We chose this pattern because of the common definition of a list. Because a list is either null or the cons of a value and a list we have two cases: one for when the list is null and one for the cons case. Since the cdr of a list is itself a list, in makes sense to recurse on the cdr.

A binary tree, in comparison, is either the empty tree or a node. If it’s a node, it contains a value and two successors. Hence, we will need to recurse on both halves, as well as look at the value in the node.

(define tree-proc
  (lambda (tree)
      (if (empty? tree)
          (base-case other)
          (combine (contents tree)
                   (tree-proc (left tree))
                   (tree-proc (right tree))))))

We can use this pattern to count the number of values in a tree.

(define tree-size
  (lambda (tree)
    (if (empty? tree)
        0
        (+ 1 
           (tree-size (left tree))
           (tree-size (right tree))))))

We can also use this pattern to find the depth of a tree.
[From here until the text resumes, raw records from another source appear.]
(* Let $c>0$, $\alpha\ge 0$, and let $s_{\alpha,c}:\mathbb R\to[0,1]$ be the SIGTRON function defined below. For every $n\in\{1,2,3,\dots\}$ and every $\alpha\in\left(1-\frac1n,\,1+\frac1n\right)$, the $n$-th derivative of $s_{\alpha,c}$ exists and is continuous on $\mathbb R$, and it is given by $$\nabla^n s_{\alpha,c}(x)=\begin{cases}\sum_{k=1}^n F_{n,k}(x) & \text{if } x\in\mathrm{dom}(\sigma_{\alpha,c}),\\ 0 & \text{otherwise,}\end{cases}$$ where $$F_{n,k}(x)=A_{n,k}\,\frac{c\,\big(\exp_{\alpha,c}(-x)\big)^{k-n(1-\alpha)}}{\big(c+\exp_{\alpha,c}(-x)\big)^{k+1}},\qquad A_{n,k}=(-1)^{n+k}\,k!\sum_{l=0}^n {\left[n \atop l\right]}{\left\{ l \atop k \right\}}(\alpha-1)^{n-l}.$$
   Context: For $c>0$ and $\alpha\ge 0$ put $c_\alpha=\frac{1}{\alpha-1}c^{1-\alpha}$ (for $\alpha\ne1$). The extended exponential function is $\exp_{\alpha,c}(x)=c\exp(x)$ if $\alpha=1$ and $\exp_{\alpha,c}(x)=c\left(1-\frac{x}{c_\alpha}\right)^{1/(1-\alpha)}$ otherwise, on the restricted domain $\mathrm{dom}(\exp_{\alpha,c})=\mathbb R$ if $\alpha=1$, $\mathbb R_{\ge c_\alpha}=\{x\ge c_\alpha\}$ if $0\le\alpha<1$, and $\mathbb R_{<c_\alpha}$ if $\alpha>1$. The extended asymmetric sigmoid is $\sigma_{\alpha,c}(x)=\frac{c}{c+\exp_{\alpha,c}(-x)}$ with domain $\mathrm{dom}(\sigma_{\alpha,c})=\mathbb R$ if $\alpha=1$, $\{x\le -c_\alpha\}$ if $0\le\alpha<1$, and $\{x\ge -c_\alpha\}$ if $\alpha>1$ (where for $\alpha>1$ one sets $\sigma_{\alpha,c}(-c_\alpha)=\lim_{x\searrow -c_\alpha}\sigma_{\alpha,c}(x)=0$). SIGTRON is $s_{\alpha,c}(x)=\sigma_{\alpha,c}(x)$ if $x\in\mathrm{dom}(\sigma_{\alpha,c})$ and $s_{\alpha,c}(x)=\sigma_P(x)$ otherwise, where $\sigma_P(x)=1$ if $x\ge0$ and $0$ otherwise. ${\left[n \atop l\right]}$ denotes the (unsigned) Stirling number of the first kind, with recurrence ${\left[n \atop l\right]}=(n-1){\left[n-1 \atop l\right]}+{\left[n-1 \atop l-1\right]}$, and ${\left\{ l \atop k \right\}}$ the Stirling number of the second kind, with recurrence ${\left\{ l \atop k \right\}}=k{\left\{ l-1 \atop k \right\}}+{\left\{ l-1 \atop k-1 \right\}}$; conventions ${\left\{0\atop0\right\}}={\left[0\atop0\right]}=1$, ${\left\{a\atop0\right\}}={\left[a\atop0\right]}=0$ for $a\ge1$, and both vanish when the lower index exceeds the upper. The convention $0^0=1$ is used in $(\alpha-1)^{n-l}$. *)

theory Defs
  imports "HOL-Analysis.Analysis" "HOL-Combinatorics.Stirling"
begin

definition c_alpha :: "real \<Rightarrow> real \<Rightarrow> real" where
  "c_alpha \<alpha> c = (1 / (\<alpha> - 1)) * c powr (1 - \<alpha>)"

text \<open>Extended exponential (the value is only meaningful on its domain).\<close>
definition exp_ext :: "real \<Rightarrow> real \<Rightarrow> real \<Rightarrow> real" where
  "exp_ext \<alpha> c x = (if \<alpha> = 1 then c * exp x
     else c * (1 - x / c_alpha \<alpha> c) powr (1 / (1 - \<alpha>)))"

definition dom_sigma :: "real \<Rightarrow> real \<Rightarrow> real set" where
  "dom_sigma \<alpha> c = (if \<alpha> = 1 then UNIV
     else if \<alpha> < 1 then {x. x \<le> - c_alpha \<alpha> c}
     else {x. x \<ge> - c_alpha \<alpha> c})"

text \<open>Extended asymmetric sigmoid; for alpha > 1 the boundary value at -c_alpha is the limit 0.\<close>
definition sigma_ext :: "real \<Rightarrow> real \<Rightarrow> real \<Rightarrow> real" where
  "sigma_ext \<alpha> c x = (if \<alpha> > 1 \<and> x = - c_alpha \<alpha> c then 0
     else c / (c + exp_ext \<alpha> c (- x)))"

definition perceptron :: "real \<Rightarrow> real" where
  "perceptron x = (if x \<ge> 0 then 1 else 0)"

definition sigtron :: "real \<Rightarrow> real \<Rightarrow> real \<Rightarrow> real" where
  "sigtron \<alpha> c x = (if x \<in> dom_sigma \<alpha> c then sigma_ext \<alpha> c x else perceptron x)"

text \<open>A_{n,k}; stirling = unsigned first kind, Stirling = second kind; 0^0 = 1.\<close>
definition A_coef :: "real \<Rightarrow> nat \<Rightarrow> nat \<Rightarrow> real" where
  "A_coef \<alpha> n k = (-1) ^ (n + k) * fact k *
     (\<Sum>l=0..n. real (stirling n l) * real (Stirling l k) * (\<alpha> - 1) ^ (n - l))"

definition F_term :: "real \<Rightarrow> real \<Rightarrow> nat \<Rightarrow> nat \<Rightarrow> real \<Rightarrow> real" where
  "F_term \<alpha> c n k x = A_coef \<alpha> n k *
     (c * (exp_ext \<alpha> c (- x)) powr (real k - real n * (1 - \<alpha>)))
       / (c + exp_ext \<alpha> c (- x)) ^ (k + 1)"

text \<open>Claimed n-th derivative. At the boundary point x = -c_alpha for alpha > 1
  the formula is read as its limit, which is 0.\<close>
definition sigtron_nth_deriv :: "real \<Rightarrow> real \<Rightarrow> nat \<Rightarrow> real \<Rightarrow> real" where
  "sigtron_nth_deriv \<alpha> c n x =
     (if x \<in> dom_sigma \<alpha> c then
        (if \<alpha> > 1 \<and> x = - c_alpha \<alpha> c then 0 else (\<Sum>k=1..n. F_term \<alpha> c n k x))
      else 0)"

end

theory Submission
  imports Defs "HOL-Real_Asymp.Real_Asymp"
begin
In this case, the depth of the empty the tree is 0, and the depth of any other tree is one higher than the depth of its largest subtree.

(define tree-depth
  (lambda (tree)
    (if (empty? tree)
        0
        (+ 1 (max (tree-depth (left tree))
                  (tree-depth (right tree)))))))

We can use a variant of this pattern to search the tree for a value.

(define tree-contains?
  (lambda (tree val)
    (cond
      [(empty? tree)
       #f]
      [(equal? (contents tree) val)
       #t]
      [(tree-contains? (left tree) val)
       #t]
      [(tree-contains? (right tree) val)
       #t]
      [else
       #f])))

Of course, if we find ourselves writing that many explicit #t and #f, we should probably rewrite it using the Boolean operations.

(define tree-contains?
  (lambda (tree val)
    (and (not (empty? tree))
         (or (equal? (contents tree) val)
             (tree-contains? (left tree) val)
             (tree-contains? (right tree) val)))))

You will note that we always use direct recursion, rather than helper recursion. That’s because it’s very difficult to express recursion on both subtrees using helper recursion.

Implementing Binary Trees

So, how do we implement these binary trees? One mechanism is to use pairs in a clever way. Since we have to store three values, rather than two, we can use two pairs.

(define node
  (lambda (val l r)
    (cons val (cons l r))))

(define contents car)

(define left cadr)

(define right cddr)

However, we may find it easier to implement binary trees using vectors. Why vectors? One reason is that they are a bit easier to read. We can also insert a special symbol (e.g., 'node) to indicate that a vector is supposed to represent a node. With pairs, we will have trouble distinguishing lists from trees from other pair structures.

(define node
  (lambda (val l r)
    (vector 'node val l r)))

(define contents (r-s vector-ref 1))

(define left (r-s vector-ref 2))

(define right (r-s vector-ref 3))

(define node?
  (lambda (val)
    (and (vector? val)
         (= (vector-length val) 4)
         (equal? (vector-ref val 0) 'node))))

Self Checks

Check 1: Tree Recursion Patterns

Recall the pattern for tree recursion.

a. Identify the base case and combination of both tree-size and tree-depth.

b. Relate the two pieces for each function. How is the base case value related to (or working with) the combination step for each function?

c. Contrast the values of each of these pieces between the two functions. How and why do the base cases differ? How and why do the combinations differ?